The cross comprises a concave base, long shaft, arms, and head. It is made primarily of metal, stands 87 cm tall at the base, and measures 47 cm wide at the arms. The shaft, arms, and head are slightly curved. The front of the cross, and the front and sides of the base, feature an interlaced Celtic knot in repoussé. In the centre of the cross is a boss made of red enamel, surrounded by seven crystals; the seven represent the seven churches of Hexham, and possibly also the seven canonised Bishops of Hexham.

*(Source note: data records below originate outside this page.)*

lemma bij_succ_mod: "0 < N \<Longrightarrow> bij_betw (succ_mod N) {..<N} {..<N}"
proof -
  assume "0 < N"
  have inj: "inj_on (succ_mod N) {..<N}"
    by (auto simp: inj_on_def succ_mod_def mod_Suc split: if_splits)
  have "succ_mod N ` {..<N} \<subseteq> {..<N}"
    using \<open>0 < N\<close> by (auto simp: succ_mod_def)
  with inj show ?thesis
    by (simp add: bij_betw_def endo_inj_surj)
qed

definition monomial_on :: "'i set \<Rightarrow> ('i \<Rightarrow> 'i) \<Rightarrow> ('i \<Rightarrow> complex) \<Rightarrow> ('i \<Rightarrow> 'i \<Rightarrow> complex) \<Rightarrow> bool" where
  "monomial_on I \<sigma> \<phi> M \<longleftrightarrow> (\<forall>p\<in>I. \<forall>q\<in>I. M p q = (if p = \<sigma> q then \<phi> q else 0))"

lemma mmul_monomial_right:
  assumes "finite I" "monomial_on I \<sigma> \<phi> M" "k \<in> I" "\<sigma> k \<in> I"
  shows "mmul I A M i k = A i (\<sigma> k) * \<phi> k"
proof -
  have "mmul I A M i k = (\<Sum>j\<in>I. if \<sigma> k = j then A i j * \<phi> k else 0)"
    unfolding mmul_def by (rule sum.cong) (use assms(2,3) in \<open>auto simp: monomial_on_def\<close>)
  then show ?thesis
    using assms(1,4) by simp
qed

lemma mmul_monomial_left:
  assumes "finite I" "monomial_on I \<sigma> \<phi> M" "inj_on \<sigma> I" "p \<in> I" "\<sigma> p \<in> I"
  shows "mmul I M B (\<sigma> p) k = \<phi> p * B p k"
proof -
  have "mmul I M B (\<sigma> p) k = (\<Sum>j\<in>I. if p = j then \<phi> p * B p k else 0)"
    unfolding mmul_def by (rule sum.cong) (use assms(2-5) in \<open>auto simp: monomial_on_def inj_on_def\<close>)
  then show ?thesis
    using assms(1,4) by simp
qed
(* Let $I$ be an index set and $(X_i)_{i\in I}$ topological spaces. Then $\prod_{i\in I}X_i$ is a Baire space if and only if $\prod_{i\in I}\mathcal K(X_i)$ is a Baire space (both with the product topology).
   Context: A topological space is a Baire space if every countable intersection of dense open subsets is dense. Krom space: for a space $X$ with topology $\tau$, let $\downarrow\tau^{\omega}$ be the set of sequences $f=(f(0),f(1),\dots)$ of nonempty open subsets of $X$ with $f(k+1)\subseteq f(k)$ for all $k$, and for $n\ge1$ let $\downarrow\tau^{n}$ be the set of such decreasing finite sequences of length $n$. $\mathcal K(X)=\{f\in\downarrow\tau^{\omega}:\bigcap_n f(n)\neq\emptyset\}$, topologized as a subspace of $\tau^{\omega}$ where $\tau$ carries the discrete topology; a base consists of the sets $[h]=\{g\in\mathcal K(X): g(k)=h(k)\text{ for all }k<n\}$ for $h\in\downarrow\tau^{n}$, $n\ge1$. *)

theory Defs
  imports "HOL-Analysis.Analysis"
begin

definition baire_space :: "'a topology \<Rightarrow> bool" where
  "baire_space X \<longleftrightarrow>
     (\<forall>\<U>. countable \<U> \<and> (\<forall>U\<in>\<U>. openin X U \<and> X closure_of U = topspace X)
           \<longrightarrow> X closure_of (topspace X \<inter> \<Inter>\<U>) = topspace X)"

definition krom_carrier :: "'a topology \<Rightarrow> (nat \<Rightarrow> 'a set) set" where
  "krom_carrier X = {f. (\<forall>k. openin X (f k) \<and> f k \<noteq> {} \<and> f (Suc k) \<subseteq> f k)
                         \<and> (\<Inter>n. f n) \<noteq> {}}"

definition krom_space :: "'a topology \<Rightarrow> (nat \<Rightarrow> 'a set) topology" where
  "krom_space X = subtopology
     (product_topology (\<lambda>n. discrete_topology {U. openin X U}) UNIV) (krom_carrier X)"

end

theory Submission
  imports Defs
begin

text \<open>A basic open set of the Krom product is coded by a condition (g, J, N): all f agreeing
  with g on the finitely many coordinates J below level N. Its shadow is the open box of points x
  with x i \<in> g i k for i \<in> J and k < N. A condition can be refined so that its shadow enters a
  given nonempty open set and, at the same time, its cylinder enters a given dense open set.

  If the Krom product is Baire and the D n are dense open in the product of the X i, the points
  having a cylinder whose shadow lies in D n form dense open sets; for g in all of them, any x
  with x i \<in> g i k for all i and k lies in every D n.

  Conversely, for dense open E n in the Krom product, Zorn's lemma gives maximal families of
  refinements with cylinders in E n and pairwise disjoint shadows. Iterating them yields a tree
  whose levels have shadows dense below the root. A point x of the product in the union of every
  level selects a unique branch; as x lies in all shadows along it, the branch has a limit in the
  Krom product, and this limit lies in every E n.\<close>

lemma baire_space_iff_open_meets_Inter:
  fixes X :: "'a topology"
  shows "baire_space X \<longleftrightarrow>
     (\<forall>(D :: nat \<Rightarrow> 'a set) V. (\<forall>n. openin X (D n) \<and> X closure_of D n = topspace X) \<longrightarrow>
            openin X V \<longrightarrow> V \<noteq> {} \<longrightarrow> V \<inter> (\<Inter>n. D n) \<noteq> {})"
    (is "_ \<longleftrightarrow> ?meets")
proof
  assume "baire_space X"
  show ?meets
  proof (intro allI impI)
    fix D :: "nat \<Rightarrow> 'a set" and V
    assume D: "\<forall>n. openin X (D n) \<and> X closure_of D n = topspace X"
      and V: "openin X V" "V \<noteq> {}"
    have "countable (range D)"
      by simp
    then have "X closure_of (topspace X \<inter> \<Inter>(range D)) = topspace X"
      using \<open>baire_space X\<close> D unfolding baire_space_def by auto
    then show "V \<inter> (\<Inter>n. D n) \<noteq> {}"
      using V unfolding dense_intersects_open by blast
  qed
next
  assume meets: ?meets
  show "baire_space X"
    unfolding baire_space_def
  proof (intro allI impI)
    fix \<U> assume \<U>: "countable \<U> \<and> (\<forall>U\<in>\<U>. openin X U \<and> X closure_of U = topspace X)"
    show "X closure_of (topspace X \<inter> \<Inter>\<U>) = topspace X"
    proof (cases "\<U> = {}")
      case False
      have range: "range (from_nat_into \<U>) = \<U>"
        using \<U> False by (simp add: range_from_nat_into)
      show ?thesis
        unfolding dense_intersects_open
      proof (intro allI impI)
        fix V assume V: "openin X V \<and> V \<noteq> {}"
        have "V \<inter> (\<Inter>n. from_nat_into \<U> n) \<noteq> {}"
          using \<U> V meets from_nat_into[OF False] by blast
        then have "V \<inter> \<Inter>\<U> \<noteq> {}"
          by (simp add: range)
        then show "(topspace X \<inter> \<Inter>\<U>) \<inter> V \<noteq> {}"
          using V openin_subset by blast
      qed
    qed simp
  qed
qed
lemma distr_X_diff:
  "distr M (count_space UNIV) (\<lambda>\<omega>. X (s + n) \<omega> - X s \<omega>) =
   measure_pmf (map_pmf last (path_pmf (\<lambda>j. x (s + j)) p n))"
proof (induction n)
  case 0
  show ?case
    by (simp add: return_pmf.rep_eq zero_prod_def)
next
  case (Suc n)
  let ?S = "\<lambda>\<omega>. X (s + n) \<omega> - X s \<omega>" and ?D = "\<lambda>\<omega>. X (Suc (s + n)) \<omega> - X (s + n) \<omega>"
  have "indep_var (count_space UNIV) (\<lambda>\<omega>. (\<lambda>f. \<Sum>i\<in>{s<..s + n}. f i) (restrict (\<lambda>i. increment i \<omega>) {s<..s + n}))
                  (count_space UNIV) (\<lambda>\<omega>. (\<lambda>f. f (Suc (s + n))) (restrict (\<lambda>i. increment i \<omega>) {Suc (s + n)}))"
    by (rule indep_var_increment_blocks) auto
  then have "indep_var (count_space UNIV) ?S (count_space UNIV) ?D"
    by (simp add: X_diff_eq_sum_increment increment_def)
  then have joint: "distr M (count_space UNIV \<Otimes>\<^sub>M count_space UNIV) (\<lambda>\<omega>. (?S \<omega>, ?D \<omega>)) =
             measure_pmf (pair_pmf (map_pmf last (path_pmf (\<lambda>j. x (s + j)) p n))
                                   (step_pmf p (x (Suc (s + n)) - x (s + n))))"
    by (simp add: indep_var_distribution_eq Suc.IH distr_step measure_pmf_pair)
  have plus: "(\<lambda>(a, b). a + b) \<in> measurable (count_space UNIV \<Otimes>\<^sub>M count_space UNIV)
                                              (count_space (UNIV :: (int \<times> int) set))"
    by (subst pair_measure_countable) auto
  have "distr M (count_space UNIV) (\<lambda>\<omega>. X (s + Suc n) \<omega> - X s \<omega>) =
        distr M (count_space UNIV) ((\<lambda>(a, b). a + b) \<circ> (\<lambda>\<omega>. (?S \<omega>, ?D \<omega>)))"
    by (simp add: comp_def)
  also have "\<dots> = distr (distr M (count_space UNIV \<Otimes>\<^sub>M count_space UNIV) (\<lambda>\<omega>. (?S \<omega>, ?D \<omega>)))
                        (count_space UNIV) (\<lambda>(a, b). a + b)"
    by (rule distr_distr[symmetric, OF plus]) simp
  also have "\<dots> = measure_pmf (map_pmf last (path_pmf (\<lambda>j. x (s + j)) p (Suc n)))"
    unfolding map_last_path_pmf_Suc by (simp add: joint map_pmf_rep_eq)
  finally show ?case .
qed

lemma prob_X_diff_eq_0:
  "prob {\<omega> \<in> space M. X (s + k) \<omega> - X s \<omega> = 0} =
   measure_pmf.prob (map_pmf last (path_pmf (\<lambda>j. x (s + j)) p k)) {0}"
  using measure_distr[of "\<lambda>\<omega>. X (s + k) \<omega> - X s \<omega>" M "count_space UNIV" "{0}"]
  by (simp add: distr_X_diff vimage_def Int_def conj_commute)

lemma R_le_expected_returns:
  "R \<tau> p \<le> (\<Sum>k\<in>{0..\<tau>}. prob {\<omega> \<in> space M. X (s + k) \<omega> - X s \<omega> = 0})"
proof -
  have "is_instructions x"
    using guided_walk by (simp add: guided_walk_def)
  then have "R \<tau> p \<le> measure_pmf.expectation (path_pmf (\<lambda>j. x (s + j)) p \<tau>)
                        (\<lambda>xs. real (card {t \<in> {0..\<tau>}. xs ! t = (0, 0)}))"
    by (intro R_le_expectation is_instructions_shift)
  also have "\<dots> = (\<Sum>k\<in>{0..\<tau>}. prob {\<omega> \<in> space M. X (s + k) \<omega> - X s \<omega> = 0})"
    by (simp only: expectation_visits_path_pmf prob_X_diff_eq_0)
  finally show ?thesis .
qed

definition first_visit :: "nat \<Rightarrow> int \<times> int \<Rightarrow> nat \<Rightarrow> 'w set" where
  "first_visit t1 z s = {\<omega> \<in> space M. X s \<omega> = z \<and> (\<forall>t\<in>{t1..<s}. X t \<omega> \<noteq> z)}"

According to The English Lakes Visitor and The Newcastle Daily Journal, the cross "is what may be called a Latinised Maltese", combining elements of a Latin cross and a Maltese cross. According to Ian Bruce, writing in a 2001 history of the Keswick School, the endless knot symbolises eternity. The cross draws upon Norse motifs, he added, while the enamelled boss echoes the Hawell Monument, erected by Rawnsley.

=== Candlesticks ===

High altar with cross and candlesticks

Though executed nine decades apart, the six candlesticks flanking the cross share a similar design. Each stands 64 cm high and at the base measures 23 cm. They each have a square base with an upper curved area, which connects to a long square stem; at the top is a square candle holder.

On the two candlesticks from 1905, the base (including the upper curved area) and the stem of each side display an interlace pattern. The four from 1996 contain the same interlace pattern but only on the front.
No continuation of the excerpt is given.